Developers ship resilient AI features
Developers shipping AI features use LiteLLM to call models through OpenAI-Compatible endpoints, so they can swap providers without rewriting application code. With LLM Fallbacks and Load Balancing, they keep user-facing features responsive during outages or spikes.
Production teams audit LLM traffic
Teams operating production LLM workloads use LiteLLM to monitor requests and investigate issues, using LLM Observability and s3 Logging to keep a durable record of model activity. That makes it easier to trace incidents, review usage, and support audits.
How does LiteLLM work?
- Connect your first model provider in Model Access, then point apps at LiteLLM's OpenAI-Compatible endpoint so existing SDKs can start sending traffic without code rewrites.
- Create Virtual Keys for teams, services, or environments, and use Budgets & Rate Limits to set guardrails before usage grows beyond what you planned.
- Turn on LLM Fallbacks and Load Balancing to route requests across providers, keeping responses flowing when one model is slow, unavailable, or over limit.
- Enable LLM Observability and Spend Tracking to watch request patterns, costs, and failures in one place, then review s3 Logging for durable records.
- Add JWT Auth, SSO, or Audit Logs for production controls, and keep tuning Budgets, Rate Limits, and Guardrails as your traffic changes.
How much does LiteLLM cost?
Open Source
$0- 100+ LLM Provider Integrations
- Langfuse, Arize Phoenix, Langsmith, OTEL Logging
- Virtual Keys, Budgets, Teams
- Load Balancing, RPM/TPM limits
- LLM Guardrails
Enterprise
Get In Touch- Everything in OSS
- Enterprise Support + Custom SLAs
- JWT Auth, SSO, Audit Logs
- All Enterprise Features - Docs
Frequently asked questions
What is LiteLLM?
LiteLLM is an OpenAI-compatible gateway for platform teams that routes LLM requests across many providers without rewriting app integrations. It includes Model Access, LLM Fallbacks, Spend Tracking, Budgets & Rate Limits, Virtual Keys, and LLM Observability. It integrates with Langfuse, Arize Phoenix, Langsmith, OTEL, Datadog, and OpenTelemetry, and is used by Netflix and Lemonade. Plans run Open Source $0 and Enterprise custom.
How much does LiteLLM cost? Is it free?
LiteLLM has a free plan, with paid tiers including Enterprise at Get In Touch. A 30-day free trial is available.

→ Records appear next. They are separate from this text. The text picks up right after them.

(* Under the hypotheses of the previous theorem (model $\mathfrak{M}$, variable $x$, Boolean expression $f$, formulas $\theta,\varphi_1,\dots,\varphi_n$ with each $\varphi_i$ non-dependent of $x$ in $\mathfrak{M}$ provided $\theta$, variables $z_1,\dots,z_m$ distinct from $x$ and not free in $\theta$, quantifiers $Q_1,\dots,Q_m\in\{\forall,\exists\}$), if $\mathfrak{M}\models\exists x\theta$ then $$[\![Q_mz_m\dots Q_1z_1\,f\big(\exists x(\theta\land\varphi_1),\dots,\exists x(\theta\land\varphi_n)\big)]\!]^{\mathfrak{M}}=[\![\exists x\big(\theta\land Q_mz_m\dots Q_1z_1\,f(\varphi_1,\dots,\varphi_n)\big)]\!]^{\mathfrak{M}},$$ and moreover in this equation any of the occurrences of $\exists x(\theta\land\cdot)$ may be replaced by $\forall x(\theta\to\cdot)$ without changing the meanings.
   Context: Work in first-order logic with equality over a relational signature, with countably many variables $v_1,v_2,\dots$. A model $\mathfrak{M}$ has nonempty universe $M$; assignments are $\bar a\in M^\omega$ ($a_i$ is the value of $v_i$); for $x=v_i$, $b\in M$, $\bar a^x_b$ is $\bar a$ with $i$-th entry replaced by $b$. $[\![\varphi]\!]^{\mathfrak{M}}=\{\bar a\in M^\omega:\mathfrak{M}\models\varphi[\bar a]\}$; $\mathfrak{M}\models\chi$ means every $\bar a$ satisfies $\chi$. A Boolean expression is built from its arguments using $\neg$ and $\land$. Definition: $\varphi$ is non-dependent of $x$ in $\mathfrak{M}$ provided $\theta$ iff for all $\bar a\in M^\omega$, $b\in M$: if $\mathfrak{M}\models\theta[\bar a]$ and $\mathfrak{M}\models\theta[\bar a^x_b]$ then ($\mathfrak{M}\models\varphi[\bar a]\iff\mathfrak{M}\models\varphi[\bar a^x_b]$). *)

theory Defs
  imports Main
begin

datatype 'r fo =
    Eq nat nat
  | Rel 'r "nat list"
  | Neg "'r fo"
  | Conj "'r fo" "'r fo"
  | Ex nat "'r fo"

definition All :: "nat \<Rightarrow> 'r fo \<Rightarrow> 'r fo" where
  "All x \<phi> = Neg (Ex x (Neg \<phi>))"

definition Imp :: "'r fo \<Rightarrow> 'r fo \<Rightarrow> 'r fo" where
  "Imp \<phi> \<psi> = Neg (Conj \<phi> (Neg \<psi>))"

primrec fv :: "'r fo \<Rightarrow> nat set" where
  "fv (Eq i j) = {i, j}"
| "fv (Rel R is) = set is"
| "fv (Neg \<phi>) = fv \<phi>"
| "fv (Conj \<phi> \<psi>) = fv \<phi> \<union> fv \<psi>"
| "fv (Ex x \<phi>) = fv \<phi> - {x}"

text \<open>A model is given by a universe M and an interpretation I of relation symbols
  (I R as applied to the list of arguments). Assignments are a :: nat \<Rightarrow> 'a.\<close>

primrec sat :: "'a set \<Rightarrow> ('r \<Rightarrow> 'a list \<Rightarrow> bool) \<Rightarrow> 'r fo \<Rightarrow> (nat \<Rightarrow> 'a) \<Rightarrow> bool" where
  "sat M I (Eq i j) a = (a i = a j)"
| "sat M I (Rel R is) a = I R (map a is)"
| "sat M I (Neg \<phi>) a = (\<not> sat M I \<phi> a)"
| "sat M I (Conj \<phi> \<psi>) a = (sat M I \<phi> a \<and> sat M I \<psi> a)"
| "sat M I (Ex x \<phi>) a = (\<exists>b\<in>M. sat M I \<phi> (a(x := b)))"

definition assignments :: "'a set \<Rightarrow> (nat \<Rightarrow> 'a) set" where
  "assignments M = {a. \<forall>i. a i \<in> M}"

definition meaning :: "'a set \<Rightarrow> ('r \<Rightarrow> 'a list \<Rightarrow> bool) \<Rightarrow> 'r fo \<Rightarrow> (nat \<Rightarrow> 'a) set" where
  "meaning M I \<phi> = {a \<in> assignments M. sat M I \<phi> a}"

definition models :: "'a set \<Rightarrow> ('r \<Rightarrow> 'a list \<Rightarrow> bool) \<Rightarrow> 'r fo \<Rightarrow> bool" where
  "models M I \<chi> = (\<forall>a\<in>assignments M. sat M I \<chi> a)"

definition non_dependent ::
  "'a set \<Rightarrow> ('r \<Rightarrow> 'a list \<Rightarrow> bool) \<Rightarrow> 'r fo \<Rightarrow> nat \<Rightarrow> 'r fo \<Rightarrow> bool" where
  "non_dependent M I \<phi> x \<theta> =
     (\<forall>a\<in>assignments M. \<forall>b\<in>M.
        sat M I \<theta> a \<longrightarrow> sat M I \<theta> (a(x := b)) \<longrightarrow>
        (sat M I \<phi> a \<longleftrightarrow> sat M I \<phi> (a(x := b))))"

datatype bexp = Arg nat | BNeg bexp | BAnd bexp bexp

primrec bargs :: "bexp \<Rightarrow> nat set" where
  "bargs (Arg i) = {i}"
| "bargs (BNeg f) = bargs f"
| "bargs (BAnd f g) = bargs f \<union> bargs g"

primrec bapp :: "bexp \<Rightarrow> 'r fo list \<Rightarrow> 'r fo" where
  "bapp (Arg i) ps = ps ! i"
| "bapp (BNeg f) ps = Neg (bapp f ps)"
| "bapp (BAnd f g) ps = Conj (bapp f ps) (bapp g ps)"

text \<open>Quantifier prefix: the list [(Q1,z1),...,(Qm,zm)], True meaning \<exists> and False meaning \<forall>;
  quants qs \<phi> = Qm zm ... Q1 z1 \<phi> (Q1 z1 innermost).\<close>
definition quant :: "bool \<Rightarrow> nat \<Rightarrow> 'r fo \<Rightarrow> 'r fo" where
  "quant q z \<phi> = (if q then Ex z \<phi> else All z \<phi>)"

primrec quants :: "(bool \<times> nat) list \<Rightarrow> 'r fo \<Rightarrow> 'r fo" where
  "quants [] \<phi> = \<phi>"
| "quants (q # qs) \<phi> = quants qs (quant (fst q) (snd q) \<phi>)"

definition rel :: "bool \<Rightarrow> nat \<Rightarrow> 'r fo \<Rightarrow> 'r fo \<Rightarrow> 'r fo" where
  "rel e x \<theta> \<phi> = (if e then Ex x (Conj \<theta> \<phi>) else All x (Imp \<theta> \<phi>))"

end

theory Submission
  imports Defs
begin

text \<open>For an assignment \<open>a\<close> and any \<open>b\<close> with \<open>\<theta>\<close> true at \<open>a(x:=b)\<close>, non-dependence makes
  \<open>\<phi>\<^sub>i\<close> take the same value at every such \<open>a(x:=b)\<close>; hence both \<open>\<exists>x(\<theta> \<and> \<phi>\<^sub>i)\<close> and
  \<open>\<forall>x(\<theta> \<longrightarrow> \<phi>\<^sub>i)\<close> evaluate at \<open>a\<close> to \<open>\<phi>\<^sub>i\<close> at \<open>a(x:=b)\<close>, and so does any Boolean combination.
  As the \<open>z\<^sub>j\<close> differ from \<open>x\<close> and are not free in \<open>\<theta>\<close>, updating \<open>z\<^sub>j\<close> preserves both the
  witness property of \<open>b\<close> and the update at \<open>x\<close>, so the identity survives the quantifier prefix.
  The right-hand matrix is therefore constant on the \<open>\<theta>\<close>-witnesses, which exist by
  \<open>\<M> \<Turnstile> \<exists>x \<theta>\<close>, and either relativization of it collapses to the left-hand side.\<close>

lemma sat_cong_fv:
  assumes "\<forall>v\<in>fv \<phi>. a v = a' v"
  shows "sat M I \<phi> a = sat M I \<phi> a'"
  using assms
proof (induction \<phi> arbitrary: a a')
  case (Rel R vs)
  then show ?case by (simp cong: map_cong)
next
  case (Conj \<phi> \<psi>)
  have "sat M I \<phi> a = sat M I \<phi> a'" by (rule Conj.IH(1)) (use Conj.prems in auto)
  moreover have "sat M I \<psi> a = sat M I \<psi> a'" by (rule Conj.IH(2)) (use Conj.prems in auto)
  ultimately show ?case by simp
next
  case (Ex y \<phi>)
  then have "sat M I \<phi> (a(y := b)) = sat M I \<phi> (a'(y := b))" for b
    by (intro Ex.IH) auto
  then show ?case by simp
qed auto

lemma sat_quant:
  "sat M I (quant q z \<phi>) a =
    (if q then \<exists>b\<in>M. sat M I \<phi> (a(z := b)) else \<forall>b\<in>M. sat M I \<phi> (a(z := b)))"
  by (simp add: quant_def All_def)

lemma sat_rel:
  "sat M I (rel e x \<theta> \<phi>) a =
    (if e then \<exists>b\<in>M. sat M I \<theta> (a(x := b)) \<and> sat M I \<phi> (a(x := b))
     else \<forall>b\<in>M. sat M I \<theta> (a(x := b)) \<longrightarrow> sat M I \<phi> (a(x := b)))"
  by (simp add: rel_def All_def Imp_def)

lemma quants_snoc: "quants (qs @ [q]) \<psi> = quant (fst q) (snd q) (quants qs \<psi>)"
  by (induction qs arbitrary: \<psi>) auto

lemma fun_upd_in_assignments: "a \<in> assignments M \<Longrightarrow> b \<in> M \<Longrightarrow> a(x := b) \<in> assignments M"
  by (auto simp: assignments_def)

lemma sat_rel_witness:
  assumes "b \<in> M" and "sat M I \<theta> (a(x := b))"
    and "\<And>b'. b' \<in> M \<Longrightarrow> sat M I \<theta> (a(x := b')) \<Longrightarrow>
           sat M I \<phi> (a(x := b')) = sat M I \<phi> (a(x := b))"
  shows "sat M I (rel e x \<theta> \<phi>) a = sat M I \<phi> (a(x := b))"
proof (cases e)
  case True
  show ?thesis unfolding sat_rel if_P[OF True] using assms by blast
next
  case False
  show ?thesis unfolding sat_rel if_not_P[OF False] using assms by blast
qed

lemma non_dependent_witnesses_agree:
  assumes "non_dependent M I \<phi> x \<theta>" and "a \<in> assignments M"
    and "b \<in> M" "sat M I \<theta> (a(x := b))" and "b' \<in> M" "sat M I \<theta> (a(x := b'))"
  shows "sat M I \<phi> (a(x := b')) = sat M I \<phi> (a(x := b))"
proof -
  have "a(x := b) \<in> assignments M"
    using assms(2,3) by (rule fun_upd_in_assignments)
  with assms show ?thesis
    unfolding non_dependent_def by (metis fun_upd_upd)
qed

lemma sat_bapp_cong:
  assumes "\<And>i. i \<in> bargs f \<Longrightarrow> sat M I (ps ! i) a = sat M I (ps' ! i) a'"
  shows "sat M I (bapp f ps) a = sat M I (bapp f ps') a'"
  using assms by (induction f) auto

lemma sat_bapp_rel:
  assumes "bargs f \<subseteq> {..<length \<phi>s}"
    and "\<forall>i<length \<phi>s. non_dependent M I (\<phi>s ! i) x \<theta>"
    and "a \<in> assignments M" and "b \<in> M" and "sat M I \<theta> (a(x := b))"
  shows "sat M I (bapp f (map (\<lambda>i. rel (c i) x \<theta> (\<phi>s ! i)) [0..<length \<phi>s])) a
       = sat M I (bapp f \<phi>s) (a(x := b))"
proof (rule sat_bapp_cong)
  fix i assume "i \<in> bargs f"
  with assms(1) have i: "i < length \<phi>s" by auto
  have "sat M I (rel (c i) x \<theta> (\<phi>s ! i)) a = sat M I (\<phi>s ! i) (a(x := b))"
    using assms(4,5) non_dependent_witnesses_agree[OF assms(2)[rule_format, OF i] assms(3-5)]
    by (rule sat_rel_witness)
  with i show "sat M I (map (\<lambda>i. rel (c i) x \<theta> (\<phi>s ! i)) [0..<length \<phi>s] ! i) a
             = sat M I (\<phi>s ! i) (a(x := b))" by simp
qed

lemma sat_quants_witness_transfer:
  assumes "\<forall>q\<in>set qs. snd q \<noteq> x \<and> snd q \<notin> fv \<theta>"
    and "\<And>a b. a \<in> assignments M \<Longrightarrow> b \<in> M \<Longrightarrow> sat M I \<theta> (a(x := b)) \<Longrightarrow>
           sat M I \<psi> a = sat M I \<chi> (a(x := b))"
    and "a \<in> assignments M" and "b \<in> M" and "sat M I \<theta> (a(x := b))"
  shows "sat M I (quants qs \<psi>) a = sat M I (quants qs \<chi>) (a(x := b))"
  using assms(1,3-5)
proof (induction qs arbitrary: a rule: rev_induct)
  case Nil
  from assms(2)[OF Nil.prems(2-4)] show ?case unfolding quants.simps .
next
  case (snoc q qs)
  obtain e z where q: "q = (e, z)" by force
  with snoc.prems have "z \<noteq> x" and "z \<notin> fv \<theta>" by auto
  from snoc.prems(1) have prefix: "\<forall>q\<in>set qs. snd q \<noteq> x \<and> snd q \<notin> fv \<theta>" by simp
  have "sat M I (quants qs \<psi>) (a(z := v)) = sat M I (quants qs \<chi>) ((a(x := b))(z := v))"
    if v: "v \<in> M" for v
  proof -
    have "sat M I \<theta> ((a(z := v))(x := b)) = sat M I \<theta> (a(x := b))"
      using \<open>z \<notin> fv \<theta>\<close> by (intro sat_cong_fv) auto
    from this snoc.prems(4) have "sat M I \<theta> ((a(z := v))(x := b))" by (rule iffD2)
    with fun_upd_in_assignments[OF snoc.prems(2) v] snoc.prems(3)
    have "sat M I (quants qs \<psi>) (a(z := v)) = sat M I (quants qs \<chi>) ((a(z := v))(x := b))"
      by (rule snoc.IH[OF prefix])
    with \<open>z \<noteq> x\<close> show ?thesis by (simp add: fun_upd_twist)
  qed
  then show ?case
    unfolding q quants_snoc fst_conv snd_conv sat_quant by (intro if_cong refl bex_cong ball_cong)
qed

theorem mainTheorem11:
  fixes M :: "'a set" and I :: "'r \<Rightarrow> 'a list \<Rightarrow> bool"
    and x :: nat and f :: bexp and \<theta> :: "'r fo" and \<phi>s :: "'r fo list"
    and qs :: "(bool \<times> nat) list"
    and c :: "nat \<Rightarrow> bool" and d :: bool
  assumes "M \<noteq> {}"
    and "bargs f \<subseteq> {..<length \<phi>s}"
    and "\<forall>i<length \<phi>s. non_dependent M I (\<phi>s ! i) x \<theta>"
    and "\<forall>q\<in>set qs. snd q \<noteq> x \<and> snd q \<notin> fv \<theta>"
    and "models M I (Ex x \<theta>)"
  shows "meaning M I (quants qs (bapp f (map (\<lambda>i. rel (c i) x \<theta> (\<phi>s ! i)) [0..<length \<phi>s])))
       = meaning M I (rel d x \<theta> (quants qs (bapp f \<phi>s)))"
proof -
  let ?L = "quants qs (bapp f (map (\<lambda>i. rel (c i) x \<theta> (\<phi>s ! i)) [0..<length \<phi>s]))"
  let ?R = "quants qs (bapp f \<phi>s)"
  have transfer: "sat M I ?L a = sat M I ?R (a(x := b))"
    if "a \<in> assignments M" "b \<in> M" "sat M I \<theta> (a(x := b))" for a b
    using assms(4) sat_bapp_rel[OF assms(2,3)] that by (rule sat_quants_witness_transfer)
  have "sat M I ?L a = sat M I (rel d x \<theta> ?R) a" if a: "a \<in> assignments M" for a
  proof -
    from assms(5) a obtain b where b: "b \<in> M" "sat M I \<theta> (a(x := b))"
      unfolding models_def by auto
    have "sat M I (rel d x \<theta> ?R) a = sat M I ?R (a(x := b))"
      using b
    proof (rule sat_rel_witness)
      fix b' assume "b' \<in> M" "sat M I \<theta> (a(x := b'))"
      from transfer[OF a this] transfer[OF a b]
      show "sat M I ?R (a(x := b')) = sat M I ?R (a(x := b))" by simp
    qed
    with transfer[OF a b] show ?thesis by simp
  qed
  then show ?thesis
    unfolding meaning_def by blast
qed

end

What is LiteLLM used for? Who is it for?
LiteLLM is used for Model Access, LLM Fallbacks, and Spend Tracking. It's built for Platform teams that need to standardize LLM access across many providers, Engineering leaders, and Developers shipping AI features.
Does LiteLLM have an API and what does it integrate with?
LiteLLM doesn't publish a public API. It integrates with OpenAI, Azure, Bedrock, Google Cloud, s3, and 11 more.
Editor's read
Check whether the Open Source tier covers the governance features you need, since Enterprise adds JWT auth, SSO, and audit logs. If those controls are required for your rollout, the free tier alone will not be enough.